The task:
Below are entries; count the lines containing the string "False". The answer is that number alone.

------ The data

(* Let $\Bbbk$ be a field, $m\in\mathbb N$, $K=\Bbbk[\sigma]/(\sigma^m)$ and $L=\Bbbk[\varepsilon]/(\varepsilon^{2m})$, with $K$ viewed as a subalgebra of $L$ via $\sigma=\varepsilon^2$. For $0\le j\le m$ let $K_j=K/(\sigma^j)$. Let $V$ be a $K$-module and $\tilde\theta:V\to L$ an injective $K$-linear map whose adjoint $L$-linear map $\theta:L\otimes_K V\to L$ is surjective. Then there exists $0\le j\le m$ such that $V\cong K\oplus K_j$. *)

theory Defs
  imports "HOL-Computational_Algebra.Polynomial"
begin

text \<open>The algebra \<open>k[x]/(x^n)\<close> is modelled by the
  polynomials of degree \<open>< n\<close> (its canonical representatives); \<open>trunc n p\<close> is
  the canonical representative of the class of \<open>p\<close>.\<close>

definition trunc :: "nat \<Rightarrow> 'k::field poly \<Rightarrow> 'k poly" where
  "trunc n p = p mod monom 1 n"

definition reduced :: "nat \<Rightarrow> 'k::field poly \<Rightarrow> bool" where
  "reduced n p \<longleftrightarrow> trunc n p = p"

text \<open>The K-module K (+) K_j, with carrier pairs of reduced polynomials; sigma acts by
  multiplication by x followed by truncation, and k acts by scalar multiplication.\<close>

definition KKj :: "nat \<Rightarrow> nat \<Rightarrow> ('k::field poly \<times> 'k poly) set" where
  "KKj m j = {(a, b). reduced m a \<and> reduced j b}"

definition sigma_KKj :: "nat \<Rightarrow> nat \<Rightarrow> 'k::field poly \<times> 'k poly \<Rightarrow> 'k poly \<times> 'k poly" where
  "sigma_KKj m j ab = (trunc m (pCons 0 (fst ab)), trunc j (pCons 0 (snd ab)))"

text \<open>A K-module V is a k-vector space (given by \<open>scale\<close>) together with the action
  \<open>T\<close> of sigma, a k-linear endomorphism with \<open>T^m = 0\<close>.
  \<open>V \<cong> K (+) K_j\<close> as K-modules: a k-linear bijection onto \<open>KKj m j\<close> intertwining
  \<open>T\<close> with the sigma-action.\<close>

definition iso_KKj ::
  "('k::field \<Rightarrow> 'v::ab_group_add \<Rightarrow> 'v) \<Rightarrow> ('v \<Rightarrow> 'v) \<Rightarrow> nat \<Rightarrow> nat \<Rightarrow> bool" where
  "iso_KKj scale T m j \<longleftrightarrow>
     (\<exists>\<phi> :: 'v \<Rightarrow> 'k poly \<times> 'k poly.
        bij_betw \<phi> UNIV (KKj m j) \<and>
        (\<forall>u v. \<phi> (u + v) = (fst (\<phi> u) + fst (\<phi> v), snd (\<phi> u) + snd (\<phi> v))) \<and>
        (\<forall>c v. \<phi> (scale c v) = (smult c (fst (\<phi> v)), smult c (snd (\<phi> v)))) \<and>
        (\<forall>v. \<phi> (T v) = sigma_KKj m j (\<phi> v)))"

text \<open>K-linear map \<open>\<theta>~ : V \<rightarrow> L\<close>, with \<open>\<sigma>\<close> acting on L as multiplication by \<open>\<epsilon>^2\<close>.\<close>

definition K_linear_to_L ::
  "('k::field \<Rightarrow> 'v::ab_group_add \<Rightarrow> 'v) \<Rightarrow> ('v \<Rightarrow> 'v) \<Rightarrow> nat \<Rightarrow> ('v \<Rightarrow> 'k poly) \<Rightarrow> bool" where
  "K_linear_to_L scale T m th \<longleftrightarrow>
     (\<forall>v. reduced (2*m) (th v)) \<and>
     (\<forall>u v. th (u + v) = th u + th v) \<and>
     (\<forall>c v. th (scale c v) = smult c (th v)) \<and>
     (\<forall>v. th (T v) = trunc (2*m) (monom 1 2 * th v))"

text \<open>Surjectivity of the adjoint \<open>\<theta> : L \<otimes>_K V \<rightarrow> L\<close>, \<open>\<ell> \<otimes> v \<mapsto> \<ell> \<theta>~(v)\<close>:
  its image consists of the finite sums \<open>\<Sum> \<ell>_i \<theta>~(v_i)\<close> (computed in L).\<close>

definition adjoint_surj :: "nat \<Rightarrow> ('v \<Rightarrow> 'k::field poly) \<Rightarrow> bool" where
  "adjoint_surj m th \<longleftrightarrow>
     (\<forall>y. reduced (2*m) y \<longrightarrow>
        (\<exists>xs :: ('k poly \<times> 'v) list.
           y = trunc (2*m) (\<Sum>(l, v)\<leftarrow>xs. l * th v)))"

end

theory Submission
  imports Defs
begin

text \<open>Some \<open>\<theta>~(v\<^sub>0)\<close> is a unit of \<open>L\<close>, since otherwise the image of \<open>\<theta>\<close> would lie in the maximal
  ideal \<open>(\<epsilon>)\<close>; dividing \<open>\<theta>~\<close> by it, \<open>V\<close> becomes isomorphic to a \<open>K\<close>-submodule \<open>W \<subseteq> L\<close>
  containing \<open>1\<close>, hence containing \<open>K\<close>. As a \<open>K\<close>-module \<open>L = K \<oplus> \<epsilon>K\<close>, so \<open>W = K \<oplus> \<epsilon>B\<close> with
  \<open>B = {b. \<epsilon>b \<in> W}\<close> an ideal of \<open>K = \<Bbbk>[\<sigma>]/(\<sigma>\<^sup>m)\<close>. Such an ideal is \<open>\<sigma>\<^sup>iK \<cong> K\<^sub>m\<^sub>-\<^sub>i\<close>, which gives
  \<open>V \<cong> K \<oplus> K\<^sub>m\<^sub>-\<^sub>i\<close>.\<close>

lemma coeff_trunc: "coeff (trunc n p) k = (if k < n then coeff p k else 0)"
proof (cases "k < n")
  case True
  have "coeff p k = coeff (p div monom 1 n * monom 1 n) k + coeff (trunc n p) k"
    by (metis coeff_add div_mult_mod_eq trunc_def)
  with True show ?thesis by (simp add: mult.commute[of _ "monom 1 n"] coeff_monom_mult)
next
  case False
  have "trunc n p = 0 \<or> degree (trunc n p) < n"
    using degree_mod_less[of "monom (1::'a) n" p] by (auto simp: trunc_def degree_monom_eq)
  with False show ?thesis by (auto intro: coeff_eq_0)
qed

lemma reduced_iff_coeff: "reduced n p \<longleftrightarrow> (\<forall>k\<ge>n. coeff p k = 0)"
  unfolding reduced_def by (auto simp: poly_eq_iff coeff_trunc)

lemma reduced_trunc [simp]: "reduced n (trunc n p)"
  by (simp add: reduced_iff_coeff coeff_trunc)

lemma reduced_vanishing_eq_0:
  assumes "reduced n y" and "\<forall>k<t. coeff y k = 0" and "n \<le> t"
  shows "y = 0"
proof -
  have "coeff y k = 0" for k
    using assms by (cases "k < t") (auto simp: reduced_iff_coeff)
  then show ?thesis by (simp add: poly_eq_iff)
qed

lemma trunc_add: "trunc n (p + q) = trunc n p + trunc n q"
  by (simp add: trunc_def poly_mod_add_left)

lemma trunc_smult: "trunc n (smult c p) = smult c (trunc n p)"
  by (simp add: trunc_def mod_smult_left)

lemma trunc_mult_trunc_right: "trunc n (p * trunc n q) = trunc n (p * q)"
  by (simp add: trunc_def mod_mult_right_eq)

lemma trunc_mult_trunc_left: "trunc n (trunc n p * q) = trunc n (p * q)"
  by (simp add: trunc_def mod_mult_left_eq)

text \<open>A \<open>k[x^d]\<close>-submodule of \<open>k[x]/(x^n)\<close>; for \<open>d = 1\<close> these are the ideals.\<close>

definition trunc_submodule :: "nat \<Rightarrow> nat \<Rightarrow> 'k::field poly set \<Rightarrow> bool" where
  "trunc_submodule n d S \<longleftrightarrow>
     (\<forall>p\<in>S. reduced n p) \<and> 0 \<in> S \<and> (\<forall>p\<in>S. \<forall>q\<in>S. p + q \<in> S) \<and>
     (\<forall>c. \<forall>p\<in>S. smult c p \<in> S) \<and> (\<forall>p\<in>S. trunc n (monom 1 d * p) \<in> S)"

lemma trunc_submoduleD:
  assumes "trunc_submodule n d S"
  shows "p \<in> S \<Longrightarrow> reduced n p" and "0 \<in> S" and "p \<in> S \<Longrightarrow> q \<in> S \<Longrightarrow> p + q \<in> S"
    and "p \<in> S \<Longrightarrow> smult c p \<in> S" and "p \<in> S \<Longrightarrow> trunc n (monom 1 d * p) \<in> S"
  using assms by (auto simp: trunc_submodule_def)

lemma trunc_submodule_1_fill:
  fixes S :: "'k::field poly set"
  assumes S: "trunc_submodule n 1 S"
    and "b \<in> S" and bi: "coeff b i \<noteq> 0" and bz: "\<forall>k<i. coeff b k = 0"
    and "reduced n y" and "\<forall>k<i. coeff y k = 0"
  shows "y \<in> S"
proof -
  have shift_b: "trunc n (monom 1 t * b) \<in> S" for t
  proof (induction t)
    case 0
    then show ?case using trunc_submoduleD(1)[OF S \<open>b \<in> S\<close>] \<open>b \<in> S\<close> by (simp add: reduced_def)
  next
    case (Suc t)
    have "trunc n (monom 1 1 * trunc n (monom 1 t * b)) = trunc n (monom 1 (Suc t) * b)"
      by (simp add: trunc_mult_trunc_right mult_monom mult.assoc[symmetric])
    with trunc_submoduleD(5)[OF S Suc] show ?case by simp
  qed
  \<comment> \<open>Descending induction on the order \<open>t\<close>: cancel the coefficient at \<open>t\<close> with \<open>x^(t-i) b\<close>.\<close>
  have "\<forall>y. reduced n y \<and> (\<forall>k<t. coeff y k = 0) \<longrightarrow> y \<in> S" if "i \<le> t" for t :: nat
    using that
  proof (induction "n - t" arbitrary: t rule: less_induct)
    case less
    show ?case
    proof (intro allI impI)
      fix y :: "'k poly" assume y: "reduced n y \<and> (\<forall>k<t. coeff y k = 0)"
      show "y \<in> S"
      proof (cases "t < n")
        case False
        with y have "y = 0" by (intro reduced_vanishing_eq_0[of n y t]) simp_all
        with trunc_submoduleD(2)[OF S] show ?thesis by simp
      next
        case True
        define z where "z = trunc n (monom 1 (t - i) * b)"
        have z_low: "coeff z k = 0" if "k < t" for k
          using bz less.prems that by (auto simp: z_def coeff_trunc coeff_monom_mult)
        have z_t: "coeff z t = coeff b i"
          using True less.prems by (simp add: z_def coeff_trunc coeff_monom_mult)
        define c where "c = coeff y t / coeff b i"
        define y' where "y' = y + smult (- c) z"
        have "z \<in> S" using shift_b by (simp add: z_def)
        have "reduced n y'"
          using y trunc_submoduleD(1)[OF S \<open>z \<in> S\<close>] by (simp add: y'_def reduced_iff_coeff)
        moreover have "\<forall>k<Suc t. coeff y' k = 0"
        proof (intro allI impI)
          fix k assume "k < Suc t"
          then consider "k < t" | "k = t" by linarith
          then show "coeff y' k = 0"
            by cases (use y z_low z_t bi in \<open>simp_all add: y'_def c_def\<close>)
        qed
        ultimately have "y' \<in> S"
          using less.hyps[of "Suc t"] True less.prems by simp
        moreover have "y = y' + smult c z" by (simp add: y'_def)
        ultimately show ?thesis
          using trunc_submoduleD(3,4)[OF S] \<open>z \<in> S\<close> by simp
      qed
    qed
  qed
  then show ?thesis using assms by blast
qed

------------

Response:
3